##### Material for the task

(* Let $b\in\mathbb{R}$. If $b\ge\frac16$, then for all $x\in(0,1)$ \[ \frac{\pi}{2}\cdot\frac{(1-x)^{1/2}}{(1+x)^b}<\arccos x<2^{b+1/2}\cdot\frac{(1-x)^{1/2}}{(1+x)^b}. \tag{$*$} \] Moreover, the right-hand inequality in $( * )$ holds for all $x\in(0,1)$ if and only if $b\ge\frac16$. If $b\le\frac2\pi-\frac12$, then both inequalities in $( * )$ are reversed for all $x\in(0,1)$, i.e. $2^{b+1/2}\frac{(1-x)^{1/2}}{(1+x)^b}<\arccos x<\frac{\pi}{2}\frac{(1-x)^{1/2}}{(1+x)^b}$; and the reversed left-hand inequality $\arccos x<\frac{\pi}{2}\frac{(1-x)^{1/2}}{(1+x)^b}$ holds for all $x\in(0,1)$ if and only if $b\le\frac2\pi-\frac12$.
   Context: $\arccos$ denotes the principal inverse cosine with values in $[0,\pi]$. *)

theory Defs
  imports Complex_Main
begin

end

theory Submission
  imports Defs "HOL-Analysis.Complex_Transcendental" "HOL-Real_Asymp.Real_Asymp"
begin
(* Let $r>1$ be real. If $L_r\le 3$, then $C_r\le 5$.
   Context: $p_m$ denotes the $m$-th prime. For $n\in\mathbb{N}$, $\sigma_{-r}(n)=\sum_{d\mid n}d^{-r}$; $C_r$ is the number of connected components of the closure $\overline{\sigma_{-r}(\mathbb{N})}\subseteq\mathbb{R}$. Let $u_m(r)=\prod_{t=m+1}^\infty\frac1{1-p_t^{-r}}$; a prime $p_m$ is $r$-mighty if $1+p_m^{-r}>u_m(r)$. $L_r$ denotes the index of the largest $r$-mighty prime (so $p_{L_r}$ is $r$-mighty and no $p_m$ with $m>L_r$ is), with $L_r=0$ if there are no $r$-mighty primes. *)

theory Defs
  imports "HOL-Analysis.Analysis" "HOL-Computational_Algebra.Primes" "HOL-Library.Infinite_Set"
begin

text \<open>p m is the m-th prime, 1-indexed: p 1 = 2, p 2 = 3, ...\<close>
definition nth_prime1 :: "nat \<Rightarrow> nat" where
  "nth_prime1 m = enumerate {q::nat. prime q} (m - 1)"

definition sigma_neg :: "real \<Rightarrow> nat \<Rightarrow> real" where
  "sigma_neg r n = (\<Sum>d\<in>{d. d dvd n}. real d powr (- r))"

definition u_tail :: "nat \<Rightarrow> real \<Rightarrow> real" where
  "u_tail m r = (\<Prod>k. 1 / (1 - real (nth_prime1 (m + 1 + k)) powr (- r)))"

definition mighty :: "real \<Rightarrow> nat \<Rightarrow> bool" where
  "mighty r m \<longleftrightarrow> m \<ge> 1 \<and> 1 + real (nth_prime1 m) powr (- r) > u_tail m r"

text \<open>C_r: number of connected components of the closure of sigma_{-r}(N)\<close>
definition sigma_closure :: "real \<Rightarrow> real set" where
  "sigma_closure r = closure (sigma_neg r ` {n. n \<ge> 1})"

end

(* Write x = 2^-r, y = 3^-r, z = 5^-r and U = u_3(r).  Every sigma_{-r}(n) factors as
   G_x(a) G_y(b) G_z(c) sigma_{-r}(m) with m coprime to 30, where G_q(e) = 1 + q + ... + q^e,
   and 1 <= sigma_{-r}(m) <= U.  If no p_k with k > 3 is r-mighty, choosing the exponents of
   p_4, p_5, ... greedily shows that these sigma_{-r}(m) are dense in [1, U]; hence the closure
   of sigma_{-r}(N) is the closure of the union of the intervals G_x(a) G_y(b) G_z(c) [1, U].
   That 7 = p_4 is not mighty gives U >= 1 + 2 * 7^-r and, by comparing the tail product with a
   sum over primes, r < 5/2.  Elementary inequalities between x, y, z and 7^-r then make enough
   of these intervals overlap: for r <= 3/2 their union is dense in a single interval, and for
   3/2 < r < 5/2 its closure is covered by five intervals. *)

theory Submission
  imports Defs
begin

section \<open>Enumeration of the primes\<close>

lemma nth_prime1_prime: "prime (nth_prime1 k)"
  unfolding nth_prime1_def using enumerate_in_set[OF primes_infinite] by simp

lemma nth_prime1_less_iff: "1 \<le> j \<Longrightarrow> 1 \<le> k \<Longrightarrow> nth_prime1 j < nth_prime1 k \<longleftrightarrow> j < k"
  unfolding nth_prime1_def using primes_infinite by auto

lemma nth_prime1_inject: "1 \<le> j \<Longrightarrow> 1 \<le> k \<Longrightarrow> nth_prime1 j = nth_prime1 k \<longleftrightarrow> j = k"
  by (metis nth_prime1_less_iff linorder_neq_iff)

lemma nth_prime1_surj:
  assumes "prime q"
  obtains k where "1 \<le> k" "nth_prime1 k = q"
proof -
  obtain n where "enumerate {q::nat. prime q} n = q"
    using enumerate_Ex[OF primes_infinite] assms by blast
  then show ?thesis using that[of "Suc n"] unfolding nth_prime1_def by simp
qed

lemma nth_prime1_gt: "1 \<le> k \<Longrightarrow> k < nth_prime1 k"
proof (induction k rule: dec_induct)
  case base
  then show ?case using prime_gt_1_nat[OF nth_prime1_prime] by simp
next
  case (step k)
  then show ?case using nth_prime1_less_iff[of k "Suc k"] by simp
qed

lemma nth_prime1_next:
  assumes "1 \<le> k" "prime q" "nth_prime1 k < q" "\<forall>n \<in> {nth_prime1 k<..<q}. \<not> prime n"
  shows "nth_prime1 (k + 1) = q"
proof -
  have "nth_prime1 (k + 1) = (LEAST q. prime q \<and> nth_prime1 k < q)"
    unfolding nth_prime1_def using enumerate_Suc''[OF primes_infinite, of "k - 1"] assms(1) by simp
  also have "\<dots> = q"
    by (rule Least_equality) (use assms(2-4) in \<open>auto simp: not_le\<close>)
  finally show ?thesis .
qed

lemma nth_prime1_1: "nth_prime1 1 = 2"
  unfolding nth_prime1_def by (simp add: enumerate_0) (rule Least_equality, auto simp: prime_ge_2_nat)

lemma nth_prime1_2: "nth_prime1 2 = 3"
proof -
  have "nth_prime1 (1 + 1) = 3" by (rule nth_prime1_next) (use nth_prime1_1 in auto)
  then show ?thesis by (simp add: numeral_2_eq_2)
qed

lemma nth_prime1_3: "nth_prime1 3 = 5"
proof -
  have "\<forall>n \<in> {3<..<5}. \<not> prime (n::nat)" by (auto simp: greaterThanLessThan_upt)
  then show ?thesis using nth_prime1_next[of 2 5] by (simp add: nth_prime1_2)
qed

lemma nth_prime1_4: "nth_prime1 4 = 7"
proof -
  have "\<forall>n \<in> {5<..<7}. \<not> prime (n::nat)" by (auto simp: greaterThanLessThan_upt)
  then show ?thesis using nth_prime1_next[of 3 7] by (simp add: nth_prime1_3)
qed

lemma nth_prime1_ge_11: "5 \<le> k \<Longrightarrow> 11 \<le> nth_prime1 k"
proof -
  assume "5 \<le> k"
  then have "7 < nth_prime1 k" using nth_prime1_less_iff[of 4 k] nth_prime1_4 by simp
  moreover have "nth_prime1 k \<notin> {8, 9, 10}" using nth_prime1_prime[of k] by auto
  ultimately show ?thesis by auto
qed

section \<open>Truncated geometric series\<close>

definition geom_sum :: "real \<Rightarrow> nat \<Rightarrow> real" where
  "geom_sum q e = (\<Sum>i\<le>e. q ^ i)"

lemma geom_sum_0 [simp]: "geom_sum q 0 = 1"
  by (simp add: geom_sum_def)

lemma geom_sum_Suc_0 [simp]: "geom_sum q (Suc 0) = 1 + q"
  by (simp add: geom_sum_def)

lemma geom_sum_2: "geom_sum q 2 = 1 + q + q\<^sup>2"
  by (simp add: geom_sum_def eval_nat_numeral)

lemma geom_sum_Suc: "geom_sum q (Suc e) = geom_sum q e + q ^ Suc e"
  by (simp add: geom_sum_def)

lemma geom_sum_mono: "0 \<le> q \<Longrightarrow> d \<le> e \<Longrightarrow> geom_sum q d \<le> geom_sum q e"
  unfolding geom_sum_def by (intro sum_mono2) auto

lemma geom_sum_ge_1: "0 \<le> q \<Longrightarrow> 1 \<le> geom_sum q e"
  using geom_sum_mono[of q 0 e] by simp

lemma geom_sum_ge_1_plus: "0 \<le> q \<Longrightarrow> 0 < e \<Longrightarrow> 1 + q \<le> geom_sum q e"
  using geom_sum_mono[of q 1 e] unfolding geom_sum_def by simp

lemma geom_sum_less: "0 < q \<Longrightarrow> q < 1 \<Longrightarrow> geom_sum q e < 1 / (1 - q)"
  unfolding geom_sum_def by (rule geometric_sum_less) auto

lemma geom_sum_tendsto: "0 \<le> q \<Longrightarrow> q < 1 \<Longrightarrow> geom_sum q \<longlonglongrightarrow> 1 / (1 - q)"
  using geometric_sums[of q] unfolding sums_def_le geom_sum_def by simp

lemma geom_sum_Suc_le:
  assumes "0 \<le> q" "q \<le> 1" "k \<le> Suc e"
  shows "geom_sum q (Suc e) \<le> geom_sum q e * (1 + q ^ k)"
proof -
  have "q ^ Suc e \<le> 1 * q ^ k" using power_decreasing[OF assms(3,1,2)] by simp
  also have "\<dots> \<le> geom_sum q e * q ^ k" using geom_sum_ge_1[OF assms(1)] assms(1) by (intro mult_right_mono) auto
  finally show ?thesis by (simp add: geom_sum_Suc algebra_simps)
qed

##########

From the entries above, return exactly the line containing "then show ?thesis using nth_prime1_next[of 3", the line containing "e = (\<Sum>i\<le>e.", and all lines between, and nothing else.

> **Exercise output**:
  then show ?thesis using nth_prime1_next[of 3 7] by (simp add: nth_prime1_3)
qed

lemma nth_prime1_ge_11: "5 \<le> k \<Longrightarrow> 11 \<le> nth_prime1 k"
proof -
  assume "5 \<le> k"
  then have "7 < nth_prime1 k" using nth_prime1_less_iff[of 4 k] nth_prime1_4 by simp
  moreover have "nth_prime1 k \<notin> {8, 9, 10}" using nth_prime1_prime[of k] by auto
  ultimately show ?thesis by auto
qed

section \<open>Truncated geometric series\<close>

definition geom_sum :: "real \<Rightarrow> nat \<Rightarrow> real" where
  "geom_sum q e = (\<Sum>i\<le>e. q ^ i)"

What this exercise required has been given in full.